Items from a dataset

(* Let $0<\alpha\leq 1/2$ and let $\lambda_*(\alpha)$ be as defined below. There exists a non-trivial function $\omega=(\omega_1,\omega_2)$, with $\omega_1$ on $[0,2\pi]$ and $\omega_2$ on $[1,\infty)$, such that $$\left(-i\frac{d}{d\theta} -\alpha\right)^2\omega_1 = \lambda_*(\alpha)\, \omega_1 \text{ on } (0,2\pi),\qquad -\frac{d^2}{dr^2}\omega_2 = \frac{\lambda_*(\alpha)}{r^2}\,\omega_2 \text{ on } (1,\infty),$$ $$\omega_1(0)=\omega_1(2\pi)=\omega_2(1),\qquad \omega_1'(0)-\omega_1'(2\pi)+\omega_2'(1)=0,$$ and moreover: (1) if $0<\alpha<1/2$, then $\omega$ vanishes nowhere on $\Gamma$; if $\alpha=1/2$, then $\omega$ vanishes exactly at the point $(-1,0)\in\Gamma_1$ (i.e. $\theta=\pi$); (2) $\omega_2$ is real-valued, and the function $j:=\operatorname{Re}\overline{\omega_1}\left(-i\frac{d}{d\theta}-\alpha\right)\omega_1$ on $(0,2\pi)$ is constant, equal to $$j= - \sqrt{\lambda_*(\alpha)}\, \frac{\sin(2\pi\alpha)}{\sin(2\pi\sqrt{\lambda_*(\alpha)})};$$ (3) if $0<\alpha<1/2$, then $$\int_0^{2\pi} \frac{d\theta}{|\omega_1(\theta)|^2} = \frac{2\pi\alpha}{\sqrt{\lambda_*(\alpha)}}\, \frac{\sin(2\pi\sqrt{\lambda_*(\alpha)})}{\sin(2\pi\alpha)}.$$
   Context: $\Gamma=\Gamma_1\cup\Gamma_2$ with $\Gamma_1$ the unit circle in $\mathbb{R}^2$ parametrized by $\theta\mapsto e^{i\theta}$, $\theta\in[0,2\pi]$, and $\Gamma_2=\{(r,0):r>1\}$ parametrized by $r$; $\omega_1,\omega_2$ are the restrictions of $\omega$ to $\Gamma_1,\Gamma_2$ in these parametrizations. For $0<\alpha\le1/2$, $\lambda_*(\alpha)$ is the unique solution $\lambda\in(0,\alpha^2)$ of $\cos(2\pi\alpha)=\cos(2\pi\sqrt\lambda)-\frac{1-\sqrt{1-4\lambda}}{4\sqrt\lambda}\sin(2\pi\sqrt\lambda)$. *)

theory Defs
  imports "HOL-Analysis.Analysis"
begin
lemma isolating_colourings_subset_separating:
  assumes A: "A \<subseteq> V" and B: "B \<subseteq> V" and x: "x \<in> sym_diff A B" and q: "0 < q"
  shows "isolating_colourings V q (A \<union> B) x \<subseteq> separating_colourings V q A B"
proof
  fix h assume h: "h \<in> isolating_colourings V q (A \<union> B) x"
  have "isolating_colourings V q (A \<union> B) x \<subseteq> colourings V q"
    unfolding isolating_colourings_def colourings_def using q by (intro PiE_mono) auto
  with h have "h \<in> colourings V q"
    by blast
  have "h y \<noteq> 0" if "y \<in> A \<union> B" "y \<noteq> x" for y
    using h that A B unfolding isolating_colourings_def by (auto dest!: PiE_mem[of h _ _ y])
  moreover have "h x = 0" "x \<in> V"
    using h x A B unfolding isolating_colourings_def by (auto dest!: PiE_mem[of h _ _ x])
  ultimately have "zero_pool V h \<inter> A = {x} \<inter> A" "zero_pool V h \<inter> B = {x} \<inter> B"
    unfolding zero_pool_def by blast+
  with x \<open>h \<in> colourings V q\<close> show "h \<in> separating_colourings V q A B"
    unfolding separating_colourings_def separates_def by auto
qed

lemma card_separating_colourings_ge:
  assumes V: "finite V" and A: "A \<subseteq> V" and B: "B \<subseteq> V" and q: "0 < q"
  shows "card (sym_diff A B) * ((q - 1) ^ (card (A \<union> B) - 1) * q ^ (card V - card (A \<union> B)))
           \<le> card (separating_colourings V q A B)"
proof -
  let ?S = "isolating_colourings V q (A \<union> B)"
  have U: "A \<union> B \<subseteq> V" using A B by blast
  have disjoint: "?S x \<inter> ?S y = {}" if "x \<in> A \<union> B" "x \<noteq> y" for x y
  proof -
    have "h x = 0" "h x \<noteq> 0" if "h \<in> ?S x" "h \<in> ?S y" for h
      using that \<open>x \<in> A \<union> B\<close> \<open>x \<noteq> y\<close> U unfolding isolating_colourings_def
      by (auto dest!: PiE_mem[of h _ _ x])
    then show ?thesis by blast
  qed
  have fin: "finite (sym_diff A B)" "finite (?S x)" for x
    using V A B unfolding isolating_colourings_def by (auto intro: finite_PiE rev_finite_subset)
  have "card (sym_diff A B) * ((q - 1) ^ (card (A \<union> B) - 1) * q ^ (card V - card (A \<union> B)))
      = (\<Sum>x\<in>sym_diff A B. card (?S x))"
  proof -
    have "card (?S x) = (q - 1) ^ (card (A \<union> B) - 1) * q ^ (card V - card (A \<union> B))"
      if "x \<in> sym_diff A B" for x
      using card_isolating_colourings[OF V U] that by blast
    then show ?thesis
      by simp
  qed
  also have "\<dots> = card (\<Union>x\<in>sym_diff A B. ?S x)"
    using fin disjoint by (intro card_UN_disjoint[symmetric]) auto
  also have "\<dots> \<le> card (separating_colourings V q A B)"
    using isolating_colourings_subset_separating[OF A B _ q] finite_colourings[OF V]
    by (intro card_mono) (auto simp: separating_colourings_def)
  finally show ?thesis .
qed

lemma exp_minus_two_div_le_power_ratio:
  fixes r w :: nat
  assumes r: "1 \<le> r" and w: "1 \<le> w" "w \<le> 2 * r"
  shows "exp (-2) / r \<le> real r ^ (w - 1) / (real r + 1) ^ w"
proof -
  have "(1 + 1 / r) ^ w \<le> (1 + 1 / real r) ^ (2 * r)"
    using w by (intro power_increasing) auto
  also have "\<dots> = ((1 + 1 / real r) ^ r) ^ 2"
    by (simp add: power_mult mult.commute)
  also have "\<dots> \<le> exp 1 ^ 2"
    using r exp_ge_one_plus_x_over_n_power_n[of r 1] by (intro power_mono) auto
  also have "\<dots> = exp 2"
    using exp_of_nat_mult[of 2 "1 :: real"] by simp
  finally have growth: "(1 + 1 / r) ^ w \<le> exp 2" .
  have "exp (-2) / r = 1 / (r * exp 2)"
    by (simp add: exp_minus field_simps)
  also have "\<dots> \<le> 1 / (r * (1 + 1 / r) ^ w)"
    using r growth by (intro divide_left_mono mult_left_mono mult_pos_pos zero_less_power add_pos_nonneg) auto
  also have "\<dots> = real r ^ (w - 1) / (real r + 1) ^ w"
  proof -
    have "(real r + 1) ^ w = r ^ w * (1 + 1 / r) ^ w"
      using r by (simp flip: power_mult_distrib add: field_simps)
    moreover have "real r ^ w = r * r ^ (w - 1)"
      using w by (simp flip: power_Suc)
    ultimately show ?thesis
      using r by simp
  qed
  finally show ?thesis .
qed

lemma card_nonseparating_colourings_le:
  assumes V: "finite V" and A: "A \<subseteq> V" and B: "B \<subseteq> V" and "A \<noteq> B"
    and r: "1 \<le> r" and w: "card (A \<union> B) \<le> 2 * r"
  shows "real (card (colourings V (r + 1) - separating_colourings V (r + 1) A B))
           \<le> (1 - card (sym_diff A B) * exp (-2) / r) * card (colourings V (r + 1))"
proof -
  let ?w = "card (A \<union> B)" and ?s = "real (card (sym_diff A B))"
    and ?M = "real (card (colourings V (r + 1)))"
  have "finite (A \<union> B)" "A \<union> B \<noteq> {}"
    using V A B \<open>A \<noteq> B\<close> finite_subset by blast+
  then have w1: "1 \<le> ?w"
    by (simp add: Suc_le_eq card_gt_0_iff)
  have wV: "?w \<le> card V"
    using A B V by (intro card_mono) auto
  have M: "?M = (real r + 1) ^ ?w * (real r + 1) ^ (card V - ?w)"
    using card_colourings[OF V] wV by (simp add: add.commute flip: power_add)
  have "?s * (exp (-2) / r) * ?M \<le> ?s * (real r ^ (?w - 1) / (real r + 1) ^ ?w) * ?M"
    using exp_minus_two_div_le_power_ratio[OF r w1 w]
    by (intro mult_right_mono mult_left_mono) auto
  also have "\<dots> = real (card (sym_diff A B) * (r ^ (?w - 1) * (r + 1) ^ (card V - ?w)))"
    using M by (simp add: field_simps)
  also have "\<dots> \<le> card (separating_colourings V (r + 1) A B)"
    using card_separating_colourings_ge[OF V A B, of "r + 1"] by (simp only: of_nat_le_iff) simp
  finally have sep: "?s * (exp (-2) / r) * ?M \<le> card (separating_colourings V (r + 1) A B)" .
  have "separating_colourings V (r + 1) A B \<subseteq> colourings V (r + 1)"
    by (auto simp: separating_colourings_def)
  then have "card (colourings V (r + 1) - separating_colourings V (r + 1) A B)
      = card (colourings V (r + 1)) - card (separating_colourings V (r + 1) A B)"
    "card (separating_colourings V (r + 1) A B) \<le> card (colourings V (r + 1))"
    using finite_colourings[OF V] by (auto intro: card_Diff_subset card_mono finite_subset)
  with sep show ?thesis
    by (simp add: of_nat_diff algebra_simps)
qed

## WHAT YOU ARE ASKED TO DO:
From the records above, pull out every line containing the word "moreover".

## EXERCISE ANSWER:
(* Let $0<\alpha\leq 1/2$ and let $\lambda_*(\alpha)$ be as defined below. There exists a non-trivial function $\omega=(\omega_1,\omega_2)$, with $\omega_1$ on $[0,2\pi]$ and $\omega_2$ on $[1,\infty)$, such that $$\left(-i\frac{d}{d\theta} -\alpha\right)^2\omega_1 = \lambda_*(\alpha)\, \omega_1 \text{ on } (0,2\pi),\qquad -\frac{d^2}{dr^2}\omega_2 = \frac{\lambda_*(\alpha)}{r^2}\,\omega_2 \text{ on } (1,\infty),$$ $$\omega_1(0)=\omega_1(2\pi)=\omega_2(1),\qquad \omega_1'(0)-\omega_1'(2\pi)+\omega_2'(1)=0,$$ and moreover: (1) if $0<\alpha<1/2$, then $\omega$ vanishes nowhere on $\Gamma$; if $\alpha=1/2$, then $\omega$ vanishes exactly at the point $(-1,0)\in\Gamma_1$ (i.e. $\theta=\pi$); (2) $\omega_2$ is real-valued, and the function $j:=\operatorname{Re}\overline{\omega_1}\left(-i\frac{d}{d\theta}-\alpha\right)\omega_1$ on $(0,2\pi)$ is constant, equal to $$j= - \sqrt{\lambda_*(\alpha)}\, \frac{\sin(2\pi\alpha)}{\sin(2\pi\sqrt{\lambda_*(\alpha)})};$$ (3) if $0<\alpha<1/2$, then $$\int_0^{2\pi} \frac{d\theta}{|\omega_1(\theta)|^2} = \frac{2\pi\alpha}{\sqrt{\lambda_*(\alpha)}}\, \frac{\sin(2\pi\sqrt{\lambda_*(\alpha)})}{\sin(2\pi\alpha)}.$$
  moreover have "h x = 0" "x \<in> V"
    moreover have "real r ^ w = r * r ^ (w - 1)"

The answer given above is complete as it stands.